I am very confident that the position we reach tonight, which is that we will, hopefully, agree unanimously to the in-principle stage of this legislation, will be a very positive signal to the community that the Assembly is united on this. I hope that we will then progress, fairly shortly, to deal with the detail stage and a slate of amendments, moved by me from the Government or accepted by the Government from the floor, which will lead to legislation which leads the Australian community.

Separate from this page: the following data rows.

(* Let $n\in\mathbb{N}$ with $n\ge2$ and $I_n:=\int_{(0,\infty)^n}\mathrm{d}u\,\frac{|u|_1e^{-|u|_1}}{\prod_{j=1}^n(u_j+u_{j+1})}$, where $u_{n+1}:=u_1$ and $|u|_1:=u_1+\dots+u_n$. Then \[ I_n=\frac n2\int_{(0,\infty)^n}\mathrm{d}u\,\frac{e^{-|u|_1}}{\prod_{j=1}^{n-1}(u_j+u_{j+1})}. \] *)

theory Defs
  imports "HOL-Analysis.Analysis"
begin

text \<open>Points of (0,\<infinity>)^n are encoded as functions u :: nat \<Rightarrow> real with coordinates
  u 0, ..., u (n-1); the measure is the n-fold product of Lebesgue measure.\<close>

definition pos_orthant :: "nat \<Rightarrow> (nat \<Rightarrow> real) set" where
  "pos_orthant n = {u. \<forall>j<n. 0 < u j}"

definition l1 :: "nat \<Rightarrow> (nat \<Rightarrow> real) \<Rightarrow> real" where
  "l1 n u = (\<Sum>j<n. u j)"

end

theory Submission
  imports Defs
begin

text \<open>Every coordinate occurs in exactly two of the cyclic pairs u_k + u_(k+1), so |u|_1 is half
  their sum and the integrand of I_n splits into n halves, the k-th being e^(-|u|_1) divided by
  the cyclic product with the factor u_k + u_(k+1) omitted. The cyclic rotation of coordinates
  taking index k to n-1 preserves the product Lebesgue measure, the orthant and |u|_1, and carries
  the k-th half to the one with u_(n-1) + u_0 omitted, whose remaining factors form the chain
  product on the right. Hence all n integrals agree.\<close>

lemma distr_PiM_reindex_bij:
  assumes M: "sigma_finite_measure M" and I: "finite I" and p: "bij_betw p I I"
  shows "distr (PiM I (\<lambda>_. M)) (PiM I (\<lambda>_. M)) (\<lambda>x. \<lambda>i\<in>I. x (p i)) = PiM I (\<lambda>_. M)"
proof -
  interpret product_sigma_finite "\<lambda>_. M"
    using M by (simp add: product_sigma_finite_def)
  let ?t = "\<lambda>x. \<lambda>i\<in>I. x (p i)"
  define q where "q = inv_into I p"
  have q: "bij_betw q I I"
    unfolding q_def using p by (rule bij_betw_inv_into)
  have pI: "p i \<in> I" and qI: "q i \<in> I" and pq: "p (q i) = i" and qp: "q (p i) = i"
    if "i \<in> I" for i
    using that p q unfolding q_def by (auto simp: bij_betw_def f_inv_into_f inv_into_f_f)
  have t: "?t \<in> PiM I (\<lambda>_. M) \<rightarrow>\<^sub>M PiM I (\<lambda>_. M)"
    by (intro measurable_restrict measurable_component_singleton pI)
  show ?thesis
  proof (rule PiM_eqI[OF I])
    fix A assume A: "\<And>i. i \<in> I \<Longrightarrow> A i \<in> sets M"
    have "?t -` Pi\<^sub>E I A \<inter> space (PiM I (\<lambda>_. M)) = Pi\<^sub>E I (\<lambda>i. A (q i))"
    proof (intro set_eqI iffI)
      fix x assume "x \<in> ?t -` Pi\<^sub>E I A \<inter> space (PiM I (\<lambda>_. M))"
      then show "x \<in> Pi\<^sub>E I (\<lambda>i. A (q i))"
        by (auto simp: space_PiM PiE_iff) (metis pq qI)
    next
      fix x assume "x \<in> Pi\<^sub>E I (\<lambda>i. A (q i))"
      then show "x \<in> ?t -` Pi\<^sub>E I A \<inter> space (PiM I (\<lambda>_. M))"
        using A[THEN sets.sets_into_space] by (auto simp: space_PiM PiE_iff) (metis qp pI, metis qI subsetD)
    qed
    then have "emeasure (distr (PiM I (\<lambda>_. M)) (PiM I (\<lambda>_. M)) ?t) (Pi\<^sub>E I A)
        = (\<Prod>i\<in>I. emeasure M (A (q i)))"
      using A qI by (simp add: emeasure_distr[OF t] sets_PiM_I_finite I emeasure_PiM[OF I])
    also have "\<dots> = (\<Prod>i\<in>I. emeasure M (A i))"
      by (rule prod.reindex_bij_betw[OF q])
    finally show "emeasure (distr (PiM I (\<lambda>_. M)) (PiM I (\<lambda>_. M)) ?t) (Pi\<^sub>E I A)
        = (\<Prod>i\<in>I. emeasure M (A i))" .
  qed simp
qed

lemma nn_integral_PiM_reindex_bij:
  assumes "sigma_finite_measure M" and "finite I" and p: "bij_betw p I I"
    and f: "f \<in> borel_measurable (PiM I (\<lambda>_. M))"
  shows "(\<integral>\<^sup>+ x. f x \<partial>PiM I (\<lambda>_. M)) = (\<integral>\<^sup>+ x. f (\<lambda>i\<in>I. x (p i)) \<partial>PiM I (\<lambda>_. M))"
proof -
  have "(\<lambda>x. \<lambda>i\<in>I. x (p i)) \<in> PiM I (\<lambda>_. M) \<rightarrow>\<^sub>M PiM I (\<lambda>_. M)"
    using p by (intro measurable_restrict measurable_component_singleton) (auto simp: bij_betw_def)
  with f show ?thesis
    by (subst (1) distr_PiM_reindex_bij[OF assms(1-3), symmetric]) (simp add: nn_integral_distr)
qed

lemma bij_betw_rotate_mod:
  fixes n s :: nat
  assumes "0 < n"
  shows "bij_betw (\<lambda>j. (j + s) mod n) {..<n} {..<n}"
proof -
  have "inj_on (\<lambda>j. (j + s) mod n) {..<n}"
  proof (rule inj_onI)
    fix x y assume "x \<in> {..<n}" "y \<in> {..<n}" and eq: "(x + s) mod n = (y + s) mod n"
    have "x mod n = y mod n"
      using eq unfolding nat_mod_eq_iff by auto
    with \<open>x \<in> {..<n}\<close> \<open>y \<in> {..<n}\<close> show "x = y"
      by simp
  qed
  moreover from this have "(\<lambda>j. (j + s) mod n) ` {..<n} = {..<n}"
    using assms by (intro endo_inj_surj) auto
  ultimately show ?thesis
    by (simp add: bij_betw_def)
qed

lemma sum_rotate_mod:
  fixes f :: "nat \<Rightarrow> 'a::comm_monoid_add"
  assumes "0 < n"
  shows "(\<Sum>j<n. f ((j + s) mod n)) = (\<Sum>j<n. f j)"
  using sum.reindex_bij_betw[OF bij_betw_rotate_mod[OF assms]] .

lemma prod_rotate_mod:
  fixes f :: "nat \<Rightarrow> 'a::comm_monoid_mult"
  assumes "0 < n"
  shows "(\<Prod>j<n. f ((j + s) mod n)) = (\<Prod>j<n. f j)"
  using prod.reindex_bij_betw[OF bij_betw_rotate_mod[OF assms]] .

definition rotate_coords :: "nat \<Rightarrow> nat \<Rightarrow> (nat \<Rightarrow> real) \<Rightarrow> nat \<Rightarrow> real" where
  "rotate_coords n s u = (\<lambda>i\<in>{..<n}. u ((i + s) mod n))"

definition cyc_pair :: "nat \<Rightarrow> (nat \<Rightarrow> real) \<Rightarrow> nat \<Rightarrow> real" where
  "cyc_pair n u j = u j + u ((j + 1) mod n)"

text \<open>On the orthant no factor vanishes, so this is e^(-|u|_1) divided by the cyclic product
  with the k-th factor omitted.\<close>

definition omit_factor_density :: "nat \<Rightarrow> nat \<Rightarrow> (nat \<Rightarrow> real) \<Rightarrow> real" where
  "omit_factor_density n k u = exp (- l1 n u) * cyc_pair n u k / (\<Prod>j<n. cyc_pair n u j)"

lemma l1_rotate_coords: "0 < n \<Longrightarrow> l1 n (rotate_coords n s u) = l1 n u"
  unfolding l1_def rotate_coords_def by (simp add: sum_rotate_mod)

lemma cyc_pair_rotate_coords:
  assumes "0 < n" "j < n"
  shows "cyc_pair n (rotate_coords n s u) j = cyc_pair n u ((j + s) mod n)"
proof -
  have "((j + 1) mod n + s) mod n = ((j + s) mod n + 1) mod n"
    unfolding mod_add_left_eq by (simp add: ac_simps)
  then show ?thesis
    using assms by (simp add: cyc_pair_def rotate_coords_def)
qed

lemma rotate_coords_in_pos_orthant_iff:
  assumes "0 < n"
  shows "rotate_coords n s u \<in> pos_orthant n \<longleftrightarrow> u \<in> pos_orthant n"
proof -
  have "(\<lambda>j. (j + s) mod n) ` {..<n} = {..<n}"
    using bij_betw_rotate_mod[OF assms] by (simp add: bij_betw_def)
  then have "(\<forall>j<n. 0 < u ((j + s) mod n)) \<longleftrightarrow> (\<forall>i<n. 0 < u i)"
    by (metis (mono_tags, lifting) imageE imageI lessThan_iff)
  then show ?thesis
    by (simp add: pos_orthant_def rotate_coords_def)
qed

lemma omit_factor_density_rotate_coords:
  assumes "0 < n" "k < n"
  shows "omit_factor_density n k (rotate_coords n (n - 1 - k) u) = omit_factor_density n (n - 1) u"
proof -
  have "(k + (n - 1 - k)) mod n = n - 1"
    using assms by simp
  moreover have "(\<Prod>j<n. cyc_pair n (rotate_coords n s u) j) = (\<Prod>j<n. cyc_pair n u j)" for s
    using prod_rotate_mod[OF assms(1), of "cyc_pair n u" s]
    by (simp add: cyc_pair_rotate_coords[OF assms(1)])
  ultimately show ?thesis
    unfolding omit_factor_density_def l1_rotate_coords[OF assms(1)] cyc_pair_rotate_coords[OF assms]
    by simp
qed

lemma l1_eq_half_sum_cyc_pair:
  assumes "0 < n"
  shows "l1 n u = (\<Sum>k<n. cyc_pair n u k) / 2"
  using sum_rotate_mod[OF assms, of u 1]
  by (simp add: l1_def cyc_pair_def sum.distrib)

lemma l1_exp_div_prod_cyc_pair:
  assumes "0 < n"
  shows "l1 n u * exp (- l1 n u) / (\<Prod>j<n. cyc_pair n u j) = (\<Sum>k<n. omit_factor_density n k u) / 2"
proof -
  have "(\<Sum>k<n. omit_factor_density n k u)
      = exp (- l1 n u) * (\<Sum>k<n. cyc_pair n u k) / (\<Prod>j<n. cyc_pair n u j)"
    by (simp add: omit_factor_density_def sum_distrib_left sum_divide_distrib)
  then show ?thesis
    by (subst (1) l1_eq_half_sum_cyc_pair[OF assms]) (simp add: mult.commute)
qed

lemma cyc_pair_pos: "u \<in> pos_orthant n \<Longrightarrow> j < n \<Longrightarrow> 0 < cyc_pair n u j"
  by (simp add: pos_orthant_def cyc_pair_def add_pos_pos)

lemma omit_factor_density_nonneg: "u \<in> pos_orthant n \<Longrightarrow> k < n \<Longrightarrow> 0 \<le> omit_factor_density n k u"
  unfolding omit_factor_density_def
  by (intro divide_nonneg_pos mult_nonneg_nonneg prod_pos less_imp_le cyc_pair_pos) auto

lemma omit_factor_density_last:
  assumes "u \<in> pos_orthant n" "0 < n"
  shows "omit_factor_density n (n - 1) u = exp (- l1 n u) / (\<Prod>j<n - 1. u j + u (j + 1))"
proof -
  have "(\<Prod>j<n. cyc_pair n u j) = (\<Prod>j<n - 1. cyc_pair n u j) * cyc_pair n u (n - 1)"
    using prod.lessThan_Suc[of "cyc_pair n u" "n - 1"] assms(2) by simp
  moreover have "(\<Prod>j<n - 1. cyc_pair n u j) = (\<Prod>j<n - 1. u j + u (j + 1))"
    by (rule prod.cong) (auto simp: cyc_pair_def)
  moreover have "cyc_pair n u (n - 1) \<noteq> 0"
    using cyc_pair_pos[OF assms(1), of "n - 1"] assms(2) by simp
  ultimately show ?thesis
    by (simp add: omit_factor_density_def)
qed

lemma measurable_component_lessThan [measurable]:
  fixes j n :: nat
  assumes "j < n"
  shows " (\<lambda>u. u j) \<in> borel_measurable (PiM {..<n} (\<lambda>_. lborel :: real measure))"
  using measurable_component_singleton[of j "{..<n}" "\<lambda>_. lborel :: real measure"] assms by simp

lemma measurable_component_mod [measurable]:
  fixes j n :: nat
  assumes "0 < n"
  shows " (\<lambda>u. u (j mod n)) \<in> borel_measurable (PiM {..<n} (\<lambda>_. lborel :: real measure))"
  using assms by (simp add: measurable_component_lessThan)

lemma measurable_indicator_pos_orthant [measurable]:
  "(indicator (pos_orthant n) :: _ \<Rightarrow> ennreal) \<in> borel_measurable (PiM {..<n} (\<lambda>_. lborel :: real measure))"
proof -
  have "pos_orthant n \<inter> space (PiM {..<n} (\<lambda>_. lborel :: real measure)) = PiE {..<n} (\<lambda>_. {0<..})"
    by (auto simp: pos_orthant_def space_PiM PiE_iff)
  then show ?thesis
    by (simp add: borel_measurable_indicator_iff sets_PiM_I_finite)
qed

lemma measurable_omit_factor_density [measurable]:
  "0 < n \<Longrightarrow> k < n \<Longrightarrow> omit_factor_density n k \<in> borel_measurable (PiM {..<n} (\<lambda>_. lborel))"
  unfolding omit_factor_density_def cyc_pair_def l1_def by measurable

lemma nn_integral_omit_factor_density_rotate:
  assumes "0 < n" "k < n"
  shows "(\<integral>\<^sup>+ u \<in> pos_orthant n. ennreal (omit_factor_density n k u) \<partial>PiM {..<n} (\<lambda>_. lborel))
       = (\<integral>\<^sup>+ u \<in> pos_orthant n. ennreal (omit_factor_density n (n - 1) u) \<partial>PiM {..<n} (\<lambda>_. lborel))"
proof -
  let ?M = "PiM {..<n} (\<lambda>_. lborel :: real measure)"
  let ?f = "\<lambda>u. ennreal (omit_factor_density n k u) * indicator (pos_orthant n) u"
  have "(\<integral>\<^sup>+ u. ?f u \<partial>?M) = (\<integral>\<^sup>+ u. ?f (rotate_coords n (n - 1 - k) u) \<partial>?M)"
    unfolding rotate_coords_def using assms
    by (intro nn_integral_PiM_reindex_bij sigma_finite_lborel bij_betw_rotate_mod) simp_all
  also have "\<dots> = (\<integral>\<^sup>+ u. ennreal (omit_factor_density n (n - 1) u) * indicator (pos_orthant n) u \<partial>?M)"
    using assms
    by (simp only: omit_factor_density_rotate_coords rotate_coords_in_pos_orthant_iff indicator_def)
  finally show ?thesis .
qed

lemma ennreal_l1_exp_div_prod_cyc_pair:
  assumes "0 < n" "u \<in> pos_orthant n"
  shows "ennreal (l1 n u * exp (- l1 n u) / (\<Prod>j<n. cyc_pair n u j))
       = (\<Sum>k<n. ennreal (omit_factor_density n k u)) / 2"
proof -
  have nonneg: "0 \<le> omit_factor_density n k u" if "k \<in> {..<n}" for k
    using that assms(2) by (simp add: omit_factor_density_nonneg)
  have "ennreal (l1 n u * exp (- l1 n u) / (\<Prod>j<n. cyc_pair n u j))
      = ennreal ((\<Sum>k<n. omit_factor_density n k u) / 2)"
    unfolding l1_exp_div_prod_cyc_pair[OF assms(1)] ..
  also have "\<dots> = ennreal (\<Sum>k<n. omit_factor_density n k u) / 2"
    by (rule ennreal_divide_numeral[symmetric]) (rule sum_nonneg[OF nonneg])
  also have "\<dots> = (\<Sum>k<n. ennreal (omit_factor_density n k u)) / 2"
    using sum_ennreal[of "{..<n}" "\<lambda>k. omit_factor_density n k u"] nonneg by simp
  finally show ?thesis .
qed

lemma nn_integral_split_omit_factor_density:
  assumes "0 < n"
  shows "(\<integral>\<^sup>+ u \<in> pos_orthant n. ennreal (l1 n u * exp (- l1 n u) / (\<Prod>j<n. cyc_pair n u j))
           \<partial>PiM {..<n} (\<lambda>_. lborel))
       = (\<Sum>k<n. \<integral>\<^sup>+ u \<in> pos_orthant n. ennreal (omit_factor_density n k u) \<partial>PiM {..<n} (\<lambda>_. lborel)) / 2"
proof -
  have "(\<integral>\<^sup>+ u \<in> pos_orthant n. ennreal (l1 n u * exp (- l1 n u) / (\<Prod>j<n. cyc_pair n u j))
           \<partial>PiM {..<n} (\<lambda>_. lborel))
      = (\<integral>\<^sup>+ u. (\<Sum>k<n. ennreal (omit_factor_density n k u) * indicator (pos_orthant n) u) / 2
           \<partial>PiM {..<n} (\<lambda>_. lborel))"
  proof (intro nn_integral_cong)
    fix u
    show "ennreal (l1 n u * exp (- l1 n u) / (\<Prod>j<n. cyc_pair n u j)) * indicator (pos_orthant n) u
        = (\<Sum>k<n. ennreal (omit_factor_density n k u) * indicator (pos_orthant n) u) / 2"
      by (cases "u \<in> pos_orthant n") (simp_all add: ennreal_l1_exp_div_prod_cyc_pair[OF assms])
  qed
  also have "\<dots> = (\<integral>\<^sup>+ u. (\<Sum>k<n. ennreal (omit_factor_density n k u) * indicator (pos_orthant n) u)
           \<partial>PiM {..<n} (\<lambda>_. lborel)) / 2"
    using assms by (intro nn_integral_divide) measurable
  also have "\<dots> = (\<Sum>k<n. \<integral>\<^sup>+ u \<in> pos_orthant n. ennreal (omit_factor_density n k u)
           \<partial>PiM {..<n} (\<lambda>_. lborel)) / 2"
    using assms by (subst nn_integral_sum) auto
  finally show ?thesis .
qed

There is one issue which has been raised repeatedly from community groups, on which we have agreed to accept amendments and which I really want to stress - as Mr Collaery had the courtesy to acknowledge - and that is the issue of where this tribunal sits, the issue of the relationship of the tribunal with the courts. The Labor Government has been very conscious of the need to avoid this guardianship tribunal being seen as part of the court structure. We consciously amended the legislation from its earlier stage, which had it as a part of the Magistrates Court, to have it sitting separately as a tribunal.

We consciously amended the criteria for appointment to the chair of the tribunal, to avoid the need for a judicial officer and to have the criteria for chairing the tribunal to be either a judicial officer or a person of five years' standing as a practitioner. The legislation as presented made it clear that it certainly was apart from the Magistrates Court; that the person who chairs the tribunal need not be a judicial officer. I said in the introduction speech that it was my intention that the tribunal would not sit as part of the court.

The community groups had concern about some of that and we have agreed that we will make it express in the legislation that it will not be part of the court. So, I would certainly assert from the Government side that we have approached this with good will.

Mr Humphries was having a bit of a grizzle about the pace of reform that we were pressing. Well, I suppose that, in the Liberal Party at the moment, with all the comings and goings, with people coming into the party and leaving the party, or carrying on in the ACT division of the Liberal Party - I like that word "division" - - -

Mr Humphries: I take a point of order, Mr Speaker.

Mr Moore: There is no division; it is all broken up.